Segment Open
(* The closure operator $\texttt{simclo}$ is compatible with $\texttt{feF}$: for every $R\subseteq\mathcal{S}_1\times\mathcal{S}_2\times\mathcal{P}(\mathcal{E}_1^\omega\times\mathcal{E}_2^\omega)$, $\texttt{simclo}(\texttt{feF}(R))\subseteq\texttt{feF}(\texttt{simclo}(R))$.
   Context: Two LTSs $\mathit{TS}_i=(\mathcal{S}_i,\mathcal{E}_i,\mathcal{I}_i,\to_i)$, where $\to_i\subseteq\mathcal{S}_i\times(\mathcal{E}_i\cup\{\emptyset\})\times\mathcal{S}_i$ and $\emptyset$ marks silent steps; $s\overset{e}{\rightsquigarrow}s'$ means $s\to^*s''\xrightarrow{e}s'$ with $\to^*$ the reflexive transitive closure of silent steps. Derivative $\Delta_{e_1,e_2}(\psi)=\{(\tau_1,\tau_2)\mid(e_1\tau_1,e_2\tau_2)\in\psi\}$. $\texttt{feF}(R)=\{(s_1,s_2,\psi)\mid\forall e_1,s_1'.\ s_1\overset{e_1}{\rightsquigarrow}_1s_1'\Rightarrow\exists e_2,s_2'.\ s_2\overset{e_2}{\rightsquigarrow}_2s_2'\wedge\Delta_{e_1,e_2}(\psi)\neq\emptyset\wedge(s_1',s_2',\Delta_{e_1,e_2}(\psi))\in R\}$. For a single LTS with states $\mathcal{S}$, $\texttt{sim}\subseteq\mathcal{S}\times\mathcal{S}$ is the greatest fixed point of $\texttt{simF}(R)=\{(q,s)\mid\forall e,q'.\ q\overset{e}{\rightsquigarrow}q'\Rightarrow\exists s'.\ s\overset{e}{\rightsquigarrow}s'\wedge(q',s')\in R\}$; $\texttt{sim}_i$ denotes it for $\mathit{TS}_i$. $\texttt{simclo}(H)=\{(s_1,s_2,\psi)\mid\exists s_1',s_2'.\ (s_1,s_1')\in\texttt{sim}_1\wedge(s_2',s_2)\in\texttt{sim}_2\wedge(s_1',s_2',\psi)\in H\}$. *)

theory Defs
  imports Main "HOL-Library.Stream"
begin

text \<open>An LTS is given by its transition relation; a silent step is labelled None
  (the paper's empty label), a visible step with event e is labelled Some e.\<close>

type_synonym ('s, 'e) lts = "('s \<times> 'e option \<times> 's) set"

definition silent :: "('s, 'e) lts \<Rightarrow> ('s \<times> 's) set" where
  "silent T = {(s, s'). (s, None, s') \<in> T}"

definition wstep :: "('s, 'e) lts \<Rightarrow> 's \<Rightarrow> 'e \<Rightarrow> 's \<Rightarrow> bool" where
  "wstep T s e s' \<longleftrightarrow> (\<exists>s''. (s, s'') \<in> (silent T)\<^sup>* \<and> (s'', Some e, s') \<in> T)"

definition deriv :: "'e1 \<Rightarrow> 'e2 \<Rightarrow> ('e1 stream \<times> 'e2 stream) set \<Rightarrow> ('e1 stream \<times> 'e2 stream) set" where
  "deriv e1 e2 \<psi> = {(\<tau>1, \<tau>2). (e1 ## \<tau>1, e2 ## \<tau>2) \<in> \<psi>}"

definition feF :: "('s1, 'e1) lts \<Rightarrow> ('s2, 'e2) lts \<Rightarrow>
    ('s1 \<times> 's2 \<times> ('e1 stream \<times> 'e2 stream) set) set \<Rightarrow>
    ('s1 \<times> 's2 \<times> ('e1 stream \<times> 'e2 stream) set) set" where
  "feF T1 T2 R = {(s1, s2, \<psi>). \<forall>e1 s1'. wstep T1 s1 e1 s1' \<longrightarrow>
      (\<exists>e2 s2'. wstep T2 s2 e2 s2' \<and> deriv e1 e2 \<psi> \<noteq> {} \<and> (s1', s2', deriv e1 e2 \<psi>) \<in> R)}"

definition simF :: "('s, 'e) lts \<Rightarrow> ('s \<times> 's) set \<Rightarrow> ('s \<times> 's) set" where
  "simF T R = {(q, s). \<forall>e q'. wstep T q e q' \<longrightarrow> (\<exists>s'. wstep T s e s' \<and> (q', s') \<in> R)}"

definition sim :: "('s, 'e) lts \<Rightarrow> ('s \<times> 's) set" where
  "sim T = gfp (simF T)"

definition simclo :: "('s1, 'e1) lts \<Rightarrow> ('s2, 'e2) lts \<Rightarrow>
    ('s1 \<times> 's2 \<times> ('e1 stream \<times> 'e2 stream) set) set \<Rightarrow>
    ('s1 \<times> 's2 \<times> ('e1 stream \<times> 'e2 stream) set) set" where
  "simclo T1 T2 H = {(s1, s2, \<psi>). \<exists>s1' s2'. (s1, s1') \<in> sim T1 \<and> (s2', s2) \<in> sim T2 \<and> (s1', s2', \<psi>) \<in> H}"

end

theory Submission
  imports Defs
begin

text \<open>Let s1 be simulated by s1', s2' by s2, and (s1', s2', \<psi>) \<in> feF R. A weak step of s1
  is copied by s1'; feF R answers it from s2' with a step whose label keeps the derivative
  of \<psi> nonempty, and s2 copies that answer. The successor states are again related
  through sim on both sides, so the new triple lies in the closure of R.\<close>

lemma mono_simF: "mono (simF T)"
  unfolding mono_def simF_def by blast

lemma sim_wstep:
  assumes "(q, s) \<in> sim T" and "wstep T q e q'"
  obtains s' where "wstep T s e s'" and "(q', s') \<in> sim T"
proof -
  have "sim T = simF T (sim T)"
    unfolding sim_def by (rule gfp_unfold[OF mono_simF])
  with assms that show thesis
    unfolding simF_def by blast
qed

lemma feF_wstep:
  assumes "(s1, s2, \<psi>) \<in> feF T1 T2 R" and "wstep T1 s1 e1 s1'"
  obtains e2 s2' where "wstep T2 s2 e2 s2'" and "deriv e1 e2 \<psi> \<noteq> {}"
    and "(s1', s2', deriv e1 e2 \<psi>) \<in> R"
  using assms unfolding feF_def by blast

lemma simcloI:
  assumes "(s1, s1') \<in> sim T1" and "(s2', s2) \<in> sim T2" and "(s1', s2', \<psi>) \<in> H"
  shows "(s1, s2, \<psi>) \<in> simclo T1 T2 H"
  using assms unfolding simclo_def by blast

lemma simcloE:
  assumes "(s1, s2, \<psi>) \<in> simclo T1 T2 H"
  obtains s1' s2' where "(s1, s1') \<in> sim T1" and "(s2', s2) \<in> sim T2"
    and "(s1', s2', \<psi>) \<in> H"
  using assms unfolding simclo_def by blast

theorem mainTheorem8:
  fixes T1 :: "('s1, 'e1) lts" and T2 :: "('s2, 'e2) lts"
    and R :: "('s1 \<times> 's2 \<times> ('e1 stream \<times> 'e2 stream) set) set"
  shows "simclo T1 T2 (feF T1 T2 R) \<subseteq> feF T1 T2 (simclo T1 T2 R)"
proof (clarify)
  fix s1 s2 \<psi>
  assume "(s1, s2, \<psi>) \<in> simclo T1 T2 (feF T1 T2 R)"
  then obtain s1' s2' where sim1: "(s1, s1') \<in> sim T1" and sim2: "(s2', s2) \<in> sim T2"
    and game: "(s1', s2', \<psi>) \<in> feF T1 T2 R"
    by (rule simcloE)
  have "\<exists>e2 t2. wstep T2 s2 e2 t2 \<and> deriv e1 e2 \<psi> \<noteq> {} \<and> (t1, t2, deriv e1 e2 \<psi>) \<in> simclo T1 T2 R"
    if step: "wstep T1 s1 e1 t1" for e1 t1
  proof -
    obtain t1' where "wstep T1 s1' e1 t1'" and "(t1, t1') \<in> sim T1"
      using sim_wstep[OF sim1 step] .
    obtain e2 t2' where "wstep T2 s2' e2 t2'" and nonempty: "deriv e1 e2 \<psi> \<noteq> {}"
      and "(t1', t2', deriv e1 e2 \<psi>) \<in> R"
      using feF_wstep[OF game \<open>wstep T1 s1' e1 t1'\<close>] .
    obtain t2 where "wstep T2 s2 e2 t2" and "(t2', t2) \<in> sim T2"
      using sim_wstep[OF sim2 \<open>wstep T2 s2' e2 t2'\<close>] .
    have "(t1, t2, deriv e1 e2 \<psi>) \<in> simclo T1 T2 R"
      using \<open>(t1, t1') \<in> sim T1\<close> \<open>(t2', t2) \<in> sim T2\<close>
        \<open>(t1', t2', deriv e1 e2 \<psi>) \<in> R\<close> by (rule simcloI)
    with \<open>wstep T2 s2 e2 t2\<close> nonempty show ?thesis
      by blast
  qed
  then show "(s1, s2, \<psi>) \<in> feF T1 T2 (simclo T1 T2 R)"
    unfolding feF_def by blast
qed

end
Segment Closed
What lines in the data include the string "assumes"? Copy each one.

  assumes "(q, s) \<in> sim T" and "wstep T q e q'"
  assumes "(s1, s2, \<psi>) \<in> feF T1 T2 R" and "wstep T1 s1 e1 s1'"
  assumes "(s1, s1') \<in> sim T1" and "(s2', s2) \<in> sim T2" and "(s1', s2', \<psi>) \<in> H"
  assumes "(s1, s2, \<psi>) \<in> simclo T1 T2 H"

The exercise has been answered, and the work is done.